The last echoes of laughter clung to the camp like ghosts.

Barbarian songs had quieted, replaced by the brittle hiss of cooling embers and the low murmur of distant guards trading hushed words. Smoke coiled lazily toward a sky drowned in heavy cloud, hiding the stars as if the heavens themselves refused to witness what the world below was becoming.

Landon sat alone at the edge of the outer ring of tents.

Barbarian hidecloths, stitched with bone and beast-fur, rose like hunched silhouettes around him. Torches burned low, their flames bending under the steady push of winter wind. Snow had not yet fallen, but the earth was hard beneath him—cold, stubborn, unyielding.

Just like him.

He exhaled slowly, watching his breath fade into the night.

He was dressed in simple travel-worn gear. A dark, sleeveless leather jerkin over a wool tunic, both patched at the shoulders and repaired where blade and branch had left their signatures. His forearms were wrapped in faded bandages, not because he was injured, but out of habit—grip, stability, control. His trousers were thick, boots reinforced with additional hide for long marches over rough terrain.

Nothing about his clothing cried "knight" or "noble guard."

He was content with that.

He did not want the world's eyes.

He only needed to see.

From where he sat, he could just make out Kel's form near a dying fire closer to the center of the camp. Not clearly—just a faint outline, slender and still, shoulders bowed as if the sky weighed upon them alone.

Young master…

Landon's jaw tightened, a muscle twitching near his cheek.

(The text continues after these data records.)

lemma expect_mono:
  assumes "is_prob n \<mu>" "\<And>\<sigma>. \<sigma> \<in> configs n \<Longrightarrow> f \<sigma> \<le> g \<sigma>"
  shows "expect n \<mu> f \<le> expect n \<mu> g"
  unfolding expect_def
  using assms by (intro sum_mono mult_left_mono) (auto simp: is_prob_def)

lemma abs_expect_le:
  fixes \<mu> :: "(nat \<Rightarrow> 'a::finite) \<Rightarrow> real"
  assumes "is_prob n \<mu>" "\<And>\<sigma>. \<sigma> \<in> configs n \<Longrightarrow> \<mu> \<sigma> \<noteq> 0 \<Longrightarrow> \<bar>f \<sigma>\<bar> \<le> g \<sigma>"
  shows "\<bar>expect n \<mu> f\<bar> \<le> expect n \<mu> g"
proof -
  have "\<bar>expect n \<mu> f\<bar> \<le> (\<Sum>\<sigma>\<in>configs n. \<bar>\<mu> \<sigma> * f \<sigma>\<bar>)"
    unfolding expect_def by (rule sum_abs)
  also have "\<dots> \<le> expect n \<mu> g"
    unfolding expect_def
  proof (rule sum_mono)
    fix \<sigma> :: "nat \<Rightarrow> 'a" assume "\<sigma> \<in> configs n"
    then show "\<bar>\<mu> \<sigma> * f \<sigma>\<bar> \<le> \<mu> \<sigma> * g \<sigma>"
      using assms by (cases "\<mu> \<sigma> = 0") (auto simp: is_prob_def abs_mult intro: mult_left_mono)
  qed
  finally show ?thesis .
qed

lemma marginal_eq_expect:
  "marginal n \<mu> x \<omega> = expect n \<mu> (\<lambda>\<sigma>. if \<sigma> x = \<omega> then 1 else 0)"
  unfolding marginal_def meas_def expect_def
  by (simp add: sum.inter_restrict[OF finite_configs] if_distrib cong: if_cong)

lemma marginal_nonneg: "is_prob n \<mu> \<Longrightarrow> 0 \<le> marginal n \<mu> x \<omega>"
  using expect_mono[of n \<mu> "\<lambda>_. 0"] by (simp add: marginal_eq_expect expect_const)

lemma marginal_le_1: "is_prob n \<mu> \<Longrightarrow> marginal n \<mu> x \<omega> \<le> 1"
  using expect_mono[of n \<mu> _ "\<lambda>_. 1"] by (simp add: marginal_eq_expect expect_const)

lemma sum_marginal_eq_1: "is_prob n \<mu> \<Longrightarrow> (\<Sum>\<omega>\<in>UNIV. marginal n \<mu> x \<omega>) = 1"
  by (simp add: marginal_eq_expect flip: expect_sum) (simp add: expect_const)

lemma card_filter_eq_sum:
  "finite A \<Longrightarrow> real (card {x\<in>A. P x}) = (\<Sum>x\<in>A. if P x then 1 else 0)"
  by (simp add: sum.If_cases Int_def conj_commute)

lemma sum_marginal_eq_expect_count:
  "finite A \<Longrightarrow>
    (\<Sum>x\<in>A. marginal n \<mu> x \<omega>) = expect n \<mu> (\<lambda>\<sigma>. real (card {x\<in>A. \<sigma> x = \<omega>}))"
  by (simp add: marginal_eq_expect card_filter_eq_sum expect_sum)

lemma emp_nonneg: "0 \<le> emp \<sigma> U \<omega>"
  unfolding emp_def by simp

lemma sum_emp_eq_1:
  assumes "finite U" "U \<noteq> {}"
  shows "(\<Sum>\<omega>\<in>UNIV. emp \<sigma> U \<omega>) = 1"
proof -
  have "(\<Sum>\<omega>\<in>UNIV. real (card {u\<in>U. \<sigma> u = \<omega>}))
      = (\<Sum>u\<in>U. \<Sum>\<omega>\<in>UNIV. if \<sigma> u = \<omega> then 1 else 0)"
    using assms(1) by (simp add: card_filter_eq_sum, subst sum.swap, simp)
  also have "\<dots> = real (card U)" by simp
  finally show ?thesis
    using assms by (simp add: emp_def flip: sum_divide_distrib)
qed

lemma emp_le_1: "finite U \<Longrightarrow> emp \<sigma> U \<omega> \<le> 1"
  unfolding emp_def by (cases "U = {}") (auto simp: card_mono divide_le_eq_1)

lemma abs_diff_le_tv: "\<bar>p \<omega> - q \<omega>\<bar> \<le> 2 * tv p q"
  unfolding tv_def by (simp, intro member_le_sum) auto

lemma tv_nonneg: "0 \<le> tv p q"
  unfolding tv_def by (simp add: sum_nonneg)

lemma tv_le_1:
  assumes "\<And>\<omega>. 0 \<le> p \<omega>" "\<And>\<omega>. 0 \<le> q \<omega>" "sum p UNIV = 1" "sum q UNIV = 1"
  shows "tv p q \<le> 1"
proof -
  have "(\<Sum>\<omega>\<in>UNIV. \<bar>p \<omega> - q \<omega>\<bar>) \<le> (\<Sum>\<omega>\<in>UNIV. p \<omega> + q \<omega>)"
    using assms by (intro sum_mono) (simp add: abs_le_iff)
  also have "\<dots> = 2" using assms by (simp add: sum.distrib)
  finally show ?thesis by (simp add: tv_def)
qed

lemma is_prob_cond:
  assumes "is_prob n \<mu>" "meas n \<mu> T > 0"
  shows "is_prob n (cond n \<mu> T)"
proof -
  have "(\<Sum>\<sigma>\<in>configs n. cond n \<mu> T \<sigma>) = (\<Sum>\<sigma>\<in>configs n \<inter> T. \<mu> \<sigma> / meas n \<mu> T)"
    unfolding cond_def by (simp add: sum.inter_restrict[OF finite_configs])
  also have "\<dots> = 1"
    using assms(2) by (simp add: meas_def flip: sum_divide_distrib)
  finally show ?thesis
    using assms unfolding is_prob_def cond_def by auto
qed

lemma cond_eq_0: "\<sigma> \<notin> T \<Longrightarrow> cond n \<mu> T \<sigma> = 0"
  unfolding cond_def by simp

lemma
  assumes "is_partition A P" "i < length P"
  shows partition_part_nonempty: "P ! i \<noteq> {}"
    and partition_part_subset: "P ! i \<subseteq> A"
  using assms unfolding is_partition_def by auto

lemma finite_partition_part:
  fixes V :: "nat set list"
  shows "is_partition {0..<n} V \<Longrightarrow> i < length V \<Longrightarrow> finite (V ! i)"
  by (rule finite_subset[OF partition_part_subset]) auto

lemma sum_card_partition:
  fixes V :: "nat set list"
  assumes "is_partition {0..<n} V"
  shows "(\<Sum>i<length V. real (card (V ! i))) = real n"
proof -
  have "card (\<Union>i<length V. V ! i) = (\<Sum>i<length V. card (V ! i))"
    using assms finite_partition_part
    by (intro card_UN_disjoint) (auto simp: is_partition_def)
  moreover have "(\<Union>i<length V. V ! i) = {0..<n}"
    using assms unfolding is_partition_def by simp
  ultimately show ?thesis by (simp flip: of_nat_sum)
qed

context
  fixes n :: nat and \<nu> :: "(nat \<Rightarrow> 'a::finite) \<Rightarrow> real"
    and U :: "nat set" and p :: "'a \<Rightarrow> real" and \<xi> :: real
  assumes prob: "is_prob n \<nu>"
    and finite_U: "finite U"
    and regular: "regular_on n \<nu> \<xi> U"
    and close: "\<And>\<tau>. \<tau> \<in> configs n \<Longrightarrow> \<nu> \<tau> \<noteq> 0 \<Longrightarrow> tv (emp \<tau> U) p < \<xi>"
    and p_nonneg: "\<And>\<omega>. 0 \<le> p \<omega>" and p_le_1: "\<And>\<omega>. p \<omega> \<le> 1"
begin

lemma abs_sum_marginal_diff_le:
  assumes "A \<subseteq> U"
  shows "\<bar>\<Sum>x\<in>A. marginal n \<nu> x \<omega> - p \<omega>\<bar> \<le> 4 * \<xi> * real (card U)"
proof (cases "real (card A) \<ge> \<xi> * real (card U)")
  case large: True
  have finite_A: "finite A" using assms finite_U by (rule finite_subset)
  have count: "real (card {x\<in>A. \<tau> x = \<omega>}) = real (card A) * emp \<tau> A \<omega>" for \<tau> :: "nat \<Rightarrow> 'a"
    using finite_A by (cases "A = {}") (simp_all add: emp_def)
  have "(\<Sum>x\<in>A. marginal n \<nu> x \<omega> - p \<omega>)
      = real (card A) * expect n \<nu> (\<lambda>\<tau>. emp \<tau> A \<omega> - p \<omega>)"
    using finite_A
    by (simp add: sum_subtractf sum_marginal_eq_expect_count count expect_cmult expect_diff
        expect_const[OF prob] right_diff_distrib)
  moreover have "\<bar>expect n \<nu> (\<lambda>\<tau>. emp \<tau> A \<omega> - p \<omega>)\<bar>
      \<le> expect n \<nu> (\<lambda>\<tau>. 2 * tv (emp \<tau> A) (emp \<tau> U) + 2 * \<xi>)"
  proof (rule abs_expect_le[OF prob])
    fix \<tau> assume "\<tau> \<in> configs n" "\<nu> \<tau> \<noteq> 0"
    then have "tv (emp \<tau> U) p < \<xi>" by (rule close)
    then show "\<bar>emp \<tau> A \<omega> - p \<omega>\<bar> \<le> 2 * tv (emp \<tau> A) (emp \<tau> U) + 2 * \<xi>"
      using abs_diff_le_tv[of "emp \<tau> A" \<omega> "emp \<tau> U"] abs_diff_le_tv[of "emp \<tau> U" \<omega> p]
      by linarith
  qed
  moreover have regular_A: "expect n \<nu> (\<lambda>\<tau>. tv (emp \<tau> A) (emp \<tau> U)) < \<xi>"
    using regular large assms unfolding regular_on_def by blast
  ultimately have "\<bar>\<Sum>x\<in>A. marginal n \<nu> x \<omega> - p \<omega>\<bar> \<le> real (card A) * (4 * \<xi>)"
    by (simp add: abs_mult expect_add expect_cmult expect_const[OF prob] mult_left_mono)
  also have "\<dots> \<le> real (card U) * (4 * \<xi>)"
  proof (rule mult_right_mono)
    show "real (card A) \<le> real (card U)"
      using assms finite_U by (simp add: card_mono)
    show "0 \<le> 4 * \<xi>"
      using regular_A expect_mono[OF prob, of "\<lambda>_. 0" "\<lambda>\<tau>. tv (emp \<tau> A) (emp \<tau> U)"]
      by (simp add: expect_const[OF prob] tv_nonneg)
  qed
  finally show ?thesis by (simp add: mult_ac)
next
  case small: False
  have "\<bar>\<Sum>x\<in>A. marginal n \<nu> x \<omega> - p \<omega>\<bar> \<le> (\<Sum>x\<in>A. \<bar>marginal n \<nu> x \<omega> - p \<omega>\<bar>)"
    by (rule sum_abs)
  also have "\<dots> \<le> (\<Sum>x\<in>A. 1)"
  proof (rule sum_mono)
    fix x
    show "\<bar>marginal n \<nu> x \<omega> - p \<omega>\<bar> \<le> 1"
      using marginal_nonneg[OF prob, of x \<omega>] marginal_le_1[OF prob, of x \<omega>] p_nonneg[of \<omega>]
        p_le_1[of \<omega>]
      by linarith
  qed
  also have "\<dots> \<le> \<xi> * real (card U)"
    using small by simp
  also have "\<dots> \<le> 4 * \<xi> * real (card U)"
    using small by linarith
  finally show ?thesis .
qed

lemma sum_abs_marginal_diff_le:
  "(\<Sum>x\<in>U. \<bar>marginal n \<nu> x \<omega> - p \<omega>\<bar>) \<le> 8 * \<xi> * real (card U)"
proof -
  define d where "d x = marginal n \<nu> x \<omega> - p \<omega>" for x
  define P where "P = {x\<in>U. 0 \<le> d x}"
  have "P \<subseteq> U" "U - P \<subseteq> U" unfolding P_def by auto
  have "(\<Sum>x\<in>U. \<bar>d x\<bar>) = (\<Sum>x\<in>U - P. \<bar>d x\<bar>) + (\<Sum>x\<in>P. \<bar>d x\<bar>)"
    using sum.subset_diff[OF \<open>P \<subseteq> U\<close> finite_U] by simp
  also have "(\<Sum>x\<in>P. \<bar>d x\<bar>) = (\<Sum>x\<in>P. d x)"
    by (rule sum.cong) (auto simp: P_def)
  also have "(\<Sum>x\<in>U - P. \<bar>d x\<bar>) = - (\<Sum>x\<in>U - P. d x)"
    by (simp add: P_def flip: sum_negf, rule sum.cong) auto
  finally have "(\<Sum>x\<in>U. \<bar>d x\<bar>) \<le> \<bar>\<Sum>x\<in>U - P. d x\<bar> + \<bar>\<Sum>x\<in>P. d x\<bar>"
    by linarith
  then show ?thesis
    using abs_sum_marginal_diff_le[OF \<open>P \<subseteq> U\<close>, of \<omega>]
      abs_sum_marginal_diff_le[OF \<open>U - P \<subseteq> U\<close>, of \<omega>]
    unfolding d_def by linarith
qed

lemma sum_tv_marginal_le:
  "(\<Sum>x\<in>U. tv (marginal n \<nu> x) p) \<le> 4 * real (card (UNIV :: 'a set)) * \<xi> * real (card U)"
proof -
  have "(\<Sum>x\<in>U. tv (marginal n \<nu> x) p) = (\<Sum>\<omega>\<in>UNIV. \<Sum>x\<in>U. \<bar>marginal n \<nu> x \<omega> - p \<omega>\<bar>) / 2"
    unfolding tv_def by (simp add: sum.swap[of _ U] flip: sum_divide_distrib)
  also have "\<dots> \<le> (\<Sum>\<omega>\<in>(UNIV :: 'a set). 8 * \<xi> * real (card U)) / 2"
    by (intro divide_right_mono sum_mono sum_abs_marginal_diff_le) simp
  also have "\<dots> = 4 * real (card (UNIV :: 'a set)) * \<xi> * real (card U)"
    by simp
  finally show ?thesis .
qed

end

He did not dare call him that aloud anymore. Out here, Kel was Heral, a wandering poet. A frail traveler with an iron gaze. A boy trying to move like a man while his body, cursed and fragile, resisted each step.

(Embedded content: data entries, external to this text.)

(* Consider the discrete Motsch–Tadmor model (as in the context) with initial data satisfying $\|\Delta^x(0)\|_F<M$ and $\|\Delta^v(0)\|_F<\kappa\int_{\|\Delta^x(0)\|_F}^M\psi(s)\,ds$, and let $C\in(0,1)$. Then for all sufficiently small $h>0$, the solution $(X(n),V(n))_{n\ge0}$ with time-step $h$ has the property that for every $i\in\{1,\dots,N\}$ the limit $v_i^\infty:=\lim_{n\to\infty}v_i(n)$ exists, $\|v_i^\infty\|<\infty$, and for all $n\ge0$ \[ \|v_i^\infty-v_i(n)\|\le\frac{h\kappa\sqrt{N}\,\|\Delta^v(0)\|_F\,e^{-C\kappa\psi(M)hn}}{1-e^{-C\kappa\psi(M)h}} . \]
   Context: Discrete MT model: fix $N\ge1$, $d\ge1$, $\kappa>0$, $h>0$, and $a:[0,\infty)\to\mathbb{R}$ with constants $0<c_1\le c_2$, $c_1\le a\le c_2$, $|a(r_1)-a(r_2)|\le L_a|r_1-r_2|$ ($L_a>0$); $0<h<\min\{1,1/\kappa\}$. A solution satisfies $x_i(n+1)=x_i(n)+hv_i(n)$, $v_i(n+1)=v_i(n)+h\kappa\sum_j\phi_{ij}(n)(v_j(n)-v_i(n))$, $\phi_{ij}(n)=\frac{a(\|x_i(n)-x_j(n)\|)}{\sum_ka(\|x_i(n)-x_k(n)\|)}$, $x_i(n),v_i(n)\in\mathbb{R}^d$. Notation: $\|\Delta^x(n)\|_F=(\sum_{i,j}\|x_i(n)-x_j(n)\|^2)^{1/2}$, $\|\Delta^v(n)\|_F=(\sum_{i,j}\|v_i(n)-v_j(n)\|^2)^{1/2}$; $\|\phi\|_{\mathrm{Lip}}=\frac{L_a}{Nc_1}(1+\frac{c_2}{c_1})$, $M=\frac{1}{4N\|\phi\|_{\mathrm{Lip}}}$, $\psi(s)=1-\|\phi\|_{\mathrm{Lip}}Ns$. *)

theory Defs
  imports "HOL-Analysis.Analysis"
begin

text \<open>Agents are indexed by i < N (i.e. 0..N-1 instead of 1..N); positions and velocities
live in an arbitrary Euclidean space 'v (dimension d = DIM('v) \<ge> 1).
x i n, v i n denote x_i(n), v_i(n).\<close>

definition MT_phi :: "nat \<Rightarrow> (real \<Rightarrow> real) \<Rightarrow> (nat \<Rightarrow> nat \<Rightarrow> 'v::euclidean_space) \<Rightarrow> nat \<Rightarrow> nat \<Rightarrow> nat \<Rightarrow> real" where
  "MT_phi N a x i j n = a (norm (x i n - x j n)) / (\<Sum>k<N. a (norm (x i n - x k n)))"

definition MT_solution :: "nat \<Rightarrow> real \<Rightarrow> (real \<Rightarrow> real) \<Rightarrow> real \<Rightarrow>
    (nat \<Rightarrow> nat \<Rightarrow> 'v::euclidean_space) \<Rightarrow> (nat \<Rightarrow> nat \<Rightarrow> 'v) \<Rightarrow> bool" where
  "MT_solution N \<kappa> a h x v \<longleftrightarrow>
     (\<forall>n i. i < N \<longrightarrow>
        x i (Suc n) = x i n + h *\<^sub>R v i n \<and>
        v i (Suc n) = v i n + (h * \<kappa>) *\<^sub>R (\<Sum>j<N. MT_phi N a x i j n *\<^sub>R (v j n - v i n)))"

definition frob_diff :: "nat \<Rightarrow> (nat \<Rightarrow> 'v::euclidean_space) \<Rightarrow> real" where
  "frob_diff N y = sqrt (\<Sum>i<N. \<Sum>j<N. (norm (y i - y j))\<^sup>2)"

definition phi_Lip :: "nat \<Rightarrow> real \<Rightarrow> real \<Rightarrow> real \<Rightarrow> real" where
  "phi_Lip N L_a c1 c2 = L_a / (real N * c1) * (1 + c2 / c1)"

definition M_const :: "nat \<Rightarrow> real \<Rightarrow> real \<Rightarrow> real \<Rightarrow> real" where
  "M_const N L_a c1 c2 = 1 / (4 * real N * phi_Lip N L_a c1 c2)"

definition psi_fun :: "nat \<Rightarrow> real \<Rightarrow> real \<Rightarrow> real \<Rightarrow> real \<Rightarrow> real" where
  "psi_fun N L_a c1 c2 s = 1 - phi_Lip N L_a c1 c2 * real N * s"

end

theory Submission
  imports Defs
begin

(* Write X0 and V0 for the Frobenius diameters of the initial positions and velocities. The
   weights phi_ij form a row-stochastic matrix whose rows i and k differ entrywise by at most
   ||phi||_Lip * |x_i - x_k|. While all pairwise distances stay below 2M, two rows therefore differ
   in total variation by at most 2 N ||phi||_Lip M = 1/2, and a combination with zero-sum weights
   is bounded by half their total variation times the diameter; so the velocity diameter shrinks
   by the factor q = 1 - (3/4) h kappa in every step. The positions then drift apart by at most
   sum_n h q^n V0 = 4 V0 / (3 kappa) in total, and since psi <= 1 the hypothesis on the initial
   data gives V0 < kappa (M - X0), so the distances never exceed 2M. Each v_i moves by at most
   h kappa q^n V0 at step n and hence converges with a geometric tail, and
   q <= exp (- C kappa psi(M) h) because psi(M) = 3/4 and C < 1. This works for every step size
   h < min(1, 1/kappa), and even without the factor sqrt N. *)

lemma norm_sum_zero_sum_weights_le:
  fixes w :: "nat \<Rightarrow> 'v::real_normed_vector" and c :: "nat \<Rightarrow> real"
  assumes sum_c: "(\<Sum>j<N. c j) = 0"
    and diam: "\<And>j l. j < N \<Longrightarrow> l < N \<Longrightarrow> norm (w j - w l) \<le> D"
  shows "norm (\<Sum>j<N. c j *\<^sub>R w j) \<le> (\<Sum>j<N. \<bar>c j\<bar>) / 2 * D"
proof -
  define p where "p j = max (c j) 0" for j
  define q where "q j = max (- c j) 0" for j
  define s where "s = (\<Sum>j<N. p j)"
  have c_eq: "c j = p j - q j" and abs_c_eq: "\<bar>c j\<bar> = p j + q j" for j
    unfolding p_def q_def by auto
  have p_nonneg: "0 \<le> p j" and q_nonneg: "0 \<le> q j" for j
    unfolding p_def q_def by auto
  have s_nonneg: "0 \<le> s"
    unfolding s_def using p_nonneg by (simp add: sum_nonneg)
  have sum_q: "(\<Sum>j<N. q j) = s"
    using sum_c unfolding s_def c_eq by (simp add: sum_subtractf)
  have sum_abs_c: "(\<Sum>j<N. \<bar>c j\<bar>) = 2 * s"
    unfolding abs_c_eq using sum_q by (simp add: sum.distrib s_def)
  \<comment> \<open>The positive and negative parts carry equal mass s, so s times the sum is
      a nonnegative combination of the differences w j - w l with total weight s * s.\<close>
  have pair_form: "s *\<^sub>R (\<Sum>j<N. c j *\<^sub>R w j) = (\<Sum>j<N. \<Sum>l<N. (p j * q l) *\<^sub>R (w j - w l))"
  proof -
    have "(\<Sum>j<N. \<Sum>l<N. (p j * q l) *\<^sub>R w j) = (\<Sum>j<N. (s * p j) *\<^sub>R w j)"
      by (simp add: scaleR_sum_left[symmetric] sum_distrib_left[symmetric] sum_q mult.commute)
    moreover have "(\<Sum>j<N. \<Sum>l<N. (p j * q l) *\<^sub>R w l) = (\<Sum>l<N. (s * q l) *\<^sub>R w l)"
      by (subst sum.swap) (simp add: scaleR_sum_left[symmetric] sum_distrib_right[symmetric] s_def)
    ultimately show ?thesis
      by (simp add: c_eq scaleR_sum_right scaleR_right_diff_distrib scaleR_left_diff_distrib
          sum_subtractf)
  qed
  have "norm (\<Sum>j<N. \<Sum>l<N. (p j * q l) *\<^sub>R (w j - w l)) \<le> (\<Sum>j<N. \<Sum>l<N. p j * q l * D)"
  proof -
    have "norm (\<Sum>j<N. \<Sum>l<N. (p j * q l) *\<^sub>R (w j - w l))
        \<le> (\<Sum>j<N. \<Sum>l<N. norm ((p j * q l) *\<^sub>R (w j - w l)))"
      by (rule order_trans[OF norm_sum sum_mono[OF norm_sum]])
    also have "\<dots> \<le> (\<Sum>j<N. \<Sum>l<N. p j * q l * D)"
      using diam p_nonneg q_nonneg by (intro sum_mono) (simp add: mult_left_mono)
    finally show ?thesis .
  qed
  also have "\<dots> = s * (s * D)"
    by (simp add: sum_distrib_left[symmetric] sum_distrib_right[symmetric] sum_q s_def)
  finally have "s * norm (\<Sum>j<N. c j *\<^sub>R w j) \<le> s * (s * D)"
    using s_nonneg by (simp flip: pair_form)
  moreover have "s = 0 \<Longrightarrow> (\<Sum>j<N. c j *\<^sub>R w j) = 0"
    using sum_abs_c by (simp add: sum_abs_ge_zero sum_nonneg_eq_0_iff)
  ultimately show ?thesis
    using sum_abs_c s_nonneg by (cases "s = 0") auto
qed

But to Landon, he would always be—

The one I chose to follow.

He lowered his gaze to his hands.

They were large, calloused, the knuckles bruised from too many hours of training even when the others slept. Thick fingers curled and uncurled slowly, as if testing the memory of a sword hilt that was not currently in his grasp.

Around him, barbarian tents shook softly as wind brushed their sides. The smell of roasted meat still hung on the air, mingled with sweat, ale, and the faint metallic tang of sharpened steel. Somewhere, a baby fussed, then quieted. Somewhere else, an old man coughed with the stubbornness of someone too stubborn to die.

The camp felt alive. Raw. Brutally honest.

Everything here wore its nature openly.

Except the one he guarded.

Landon let his head tilt back, eyes following the shapes of smoke in the dark.

Kel's voice still lingered in his ears. The poem from earlier.

"Winter says 'Die quietly.'

You answer—

'We'll feast first.'"

Landon had not clapped, not shouted, not cheered like the others.

His chest had simply—tightened.

Not with pride, not exactly.

With something heavier.

Something like the weight of a mountain being asked to move.

He had always been the quiet one.

Even back in the Rosenfeld estate, when other trainee knights jostled for attention, clashing wooden swords with more noise than skill, Landon had stood at the back, listening. Watching. Learning where each foot fell, how each breath broke rhythm, how each swing carried fear or arrogance behind it.

He remembered the day the contest had been announced.

A chance to serve the House directly. A chance to earn a crafted sword, a secret technique, a potion—luxuries someone of his origin could have fought a dozen battles and still never see.

He hadn't joined for those.

He had joined because he had heard whispers.

The cursed heir. The doomed young master. The joke of the nobles.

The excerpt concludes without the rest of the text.